Sharding: the spatial index shards by geohash prefix. Drivers in Mumbai live on one set of nodes; drivers in San Francisco live on another. Cross-region queries don’t happen. This is one of the key insights that makes the system scalable — geographic locality is built into the data model.


Step 5: The Matching Tier — A Distributed State Machine

When a rider requests a trip, the system needs to:

  1. Find candidate drivers (spatial query against the real-time tier)
  2. Score them (proximity, ETA, ratings, recency of last trip)
  3. Offer the trip to the top candidate
  4. If the driver accepts within ~10 seconds, the match is locked
  5. If they decline or time out, offer the next candidate
  6. If no driver accepts after several rounds, return failure to rider

The hardest part: this is a distributed transaction across multiple parties (rider, driver, possibly multiple candidate drivers offered in succession), and the state needs to be consistent. If two riders both get matched to the same driver simultaneously, that’s a billing crisis.

The mechanism: the matching service holds an in-memory lock on each driver while they’re being offered a ride. The lock has a 10-second TTL. When the driver accepts, the lock converts into a confirmed match (persisted to the strong-consistency trip state DB). When they decline, the lock releases; another rider can now match them.

The matching service is regional — each region has its own matching cluster. Within a region, matching is centralized enough that the locking is straightforward; cross-region rides are rare enough to handle as a special case.

Senior signal: recognizing that matching is a distributed lock with TTL, not a database transaction, is the senior insight. Trying to do matching as a Postgres transaction means “take a row lock for 10 seconds while we wait for the driver app to respond” — which doesn’t scale. The right tool is Redis or a similar in-memory key-value store with TTL semantics.


Step 6: The Trip Lifecycle Tier — The State Machine

Once a match is confirmed, the trip lifecycle takes over. This subsystem manages the canonical state of every active trip:

Trip states:
REQUESTED  → rider asked for a ride
MATCHED    → driver accepted, en route to pickup
ARRIVED    → driver at pickup location
IN_PROGRESS → rider in the car, driving to destination
COMPLETED  → arrived at destination
CANCELLED  → either party cancelled
PAYMENT_PENDING / PAID / FAILED → payment states

Transitions are strict.

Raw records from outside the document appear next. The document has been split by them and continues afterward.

text \<open>Suppose \<open>\<Sum>\<^sub>i c\<^sub>i \<sigma>(w\<^sub>i \<bullet> x) + \<sigma>'(w\<^sub>i \<bullet> x) (v\<^sub>i \<bullet> x)\<close> vanishes identically.
  Restrict it to a generic line \<open>x = t y\<close>: the numbers \<open>\<alpha>\<^sub>i = w\<^sub>i \<bullet> y\<close> are nonzero with pairwise
  distinct absolute values, and \<open>\<beta>\<^sub>i = v\<^sub>i \<bullet> y\<close> vanishes only if \<open>v\<^sub>i = 0\<close>. Expanding
  \<open>\<sigma> = \<Sum> a\<^sub>n t\<^sup>n\<close> near \<open>0\<close>, the coefficient of \<open>t\<^sup>n\<close> is \<open>a\<^sub>n \<Sum>\<^sub>i (c\<^sub>i + n \<beta>\<^sub>i/\<alpha>\<^sub>i) \<alpha>\<^sub>i\<^sup>n\<close>.
  For the infinitely many \<open>n\<close> with \<open>a\<^sub>n \<noteq> 0\<close> the sum must vanish, and as \<open>n \<rightarrow> \<infinity>\<close> the
  term with the largest \<open>\<bar>\<alpha>\<^sub>i\<bar>\<close> dominates all others; peeling off dominant terms one
  by one shows that all \<open>c\<^sub>i\<close> and \<open>\<beta>\<^sub>i\<close>, hence all \<open>v\<^sub>i\<close>, vanish.\<close>

lemma sum_Times_UNIV_option:
  fixes G :: "'a \<times> 'b::finite option \<Rightarrow> 'c::comm_monoid_add"
  shows "(\<Sum>p\<in>A \<times> UNIV. G p) = (\<Sum>i\<in>A. G (i, None) + (\<Sum>s\<in>UNIV. G (i, Some s)))"
proof -
  have "(\<Sum>t\<in>UNIV. G (i, t)) = G (i, None) + (\<Sum>s\<in>UNIV. G (i, Some s))" for i
    by (simp add: UNIV_option_conv sum.reindex)
  moreover have "(\<Sum>p\<in>A \<times> UNIV. G p) = (\<Sum>i\<in>A. \<Sum>t\<in>UNIV. G (i, t))"
    by (simp add: sum.cartesian_product)
  ultimately show ?thesis by simp
qed

lemma sum_ridge_and_deriv_family:
  fixes c :: "'i \<times> 'd::finite option \<Rightarrow> real" and w :: "'i \<Rightarrow> real ^ 'd"
  shows "(\<Sum>p\<in>A \<times> UNIV. c p * (case p of (i, t) \<Rightarrow> \<lambda>x. case t of
             None \<Rightarrow> g (w i \<bullet> x) | Some s \<Rightarrow> h (w i \<bullet> x) * x $ s) x)
         = (\<Sum>i\<in>A. c (i, None) * g (w i \<bullet> x) + ((\<chi> s. c (i, Some s)) \<bullet> x) * h (w i \<bullet> x))"
  by (simp add: sum_Times_UNIV_option inner_vec_def sum_distrib_right mult_ac)
lemma sign_mean_cos:
  "sign_mean a m k (\<lambda>x. cos (t * (x + c))) = cos (t * c) * (\<Prod>i\<in>{k..<k+m}. cos (a i * t))"
proof (induction m arbitrary: k c)
  case (Suc m)
  define P where "P = (\<Prod>i\<in>{Suc k..<Suc k+m}. cos (a i * t))"
  have prod: "(\<Prod>i\<in>{k..<k+Suc m}. cos (a i * t)) = cos (a k * t) * P"
    by (simp add: prod.atLeast_Suc_lessThan P_def)
  have plus: "sign_mean a m (Suc k) (\<lambda>x. cos (t * (x + a k + c))) = cos (t * (a k + c)) * P"
    using Suc.IH[of "Suc k" "a k + c"] by (simp add: add.assoc P_def)
  have minus: "sign_mean a m (Suc k) (\<lambda>x. cos (t * (x - a k + c))) = cos (t * (c - a k)) * P"
    using Suc.IH[of "Suc k" "c - a k"] by (simp add: algebra_simps P_def)
  have "cos (t * (a k + c)) + cos (t * (c - a k)) = 2 * cos (t * c) * cos (a k * t)"
    by (simp add: cos_add cos_diff algebra_simps)
  then have "(cos (t * (a k + c)) * P + cos (t * (c - a k)) * P) / 2 = cos (t * c) * (cos (a k * t) * P)"
    by (simp add: distrib_right[symmetric])
  then show ?case
    unfolding sign_mean.simps plus minus prod .
qed simp

lemma sign_mean_square:
  "sign_mean a m k (\<lambda>x. (x + c)\<^sup>2) = c\<^sup>2 + (\<Sum>i\<in>{k..<k+m}. (a i)\<^sup>2)"
proof (induction m arbitrary: k c)
  case (Suc m)
  define S2 where "S2 = (\<Sum>i\<in>{Suc k..<Suc k+m}. (a i)\<^sup>2)"
  have s: "(\<Sum>i\<in>{k..<k+Suc m}. (a i)\<^sup>2) = (a k)\<^sup>2 + S2"
    by (simp add: sum.atLeast_Suc_lessThan S2_def)
  have 1: "sign_mean a m (Suc k) (\<lambda>x. (x + a k + c)\<^sup>2) = (a k + c)\<^sup>2 + S2"
    using Suc.IH[of "Suc k" "a k + c"] by (simp add: add.assoc S2_def)
  have 2: "sign_mean a m (Suc k) (\<lambda>x. (x - a k + c)\<^sup>2) = (c - a k)\<^sup>2 + S2"
    using Suc.IH[of "Suc k" "c - a k"] by (simp add: algebra_simps S2_def)
  show ?case
    unfolding sign_mean.simps 1 2 s by (simp add: power2_eq_square algebra_simps)
qed simp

Can’t go from REQUESTED directly to COMPLETED. Can’t skip ARRIVED. Can’t un-cancel.

The storage: Postgres or Spanner, with each trip row having strong-consistency guarantees. Both rider and driver apps read this same row to know the current state; both write transitions through the trip service. The trip service serializes transitions to prevent races (driver “arrived” and rider “cancelled” happening simultaneously).

CREATE TABLE trips (
    trip_id          UUID PRIMARY KEY,
    rider_id         UUID NOT NULL,
    driver_id        UUID NOT NULL,
    state            TEXT NOT NULL CHECK (state IN (
        ‘REQUESTED’, ‘MATCHED’, ‘ARRIVED’, ‘IN_PROGRESS’,
        ‘COMPLETED’, ‘CANCELLED’
    )),
    pickup_lat       DOUBLE PRECISION,
    pickup_lng       DOUBLE PRECISION,
    dropoff_lat      DOUBLE PRECISION,
    dropoff_lng      DOUBLE PRECISION,
    fare_cents       INTEGER,
    requested_at     TIMESTAMPTZ NOT NULL,
    state_updated_at TIMESTAMPTZ NOT NULL,
    version          INTEGER NOT NULL  -- For optimistic concurrency
);

Optimistic concurrency: every transition reads the current version, writes with WHERE version = ?, fails the update if someone else got there first. Retry on conflict. This is how the trip service prevents two services from concurrently transitioning the same trip.

State changes also publish events to a Kafka topic: “trip 123 transitioned to ARRIVED.” Other services subscribe — the rider app gets a push notification, the driver app updates UI, the analytics pipeline records the event, the ETA service updates predictions.

This event-sourcing pattern is what lets the system stay consistent across many subsystems without each one doing direct trip-DB lookups.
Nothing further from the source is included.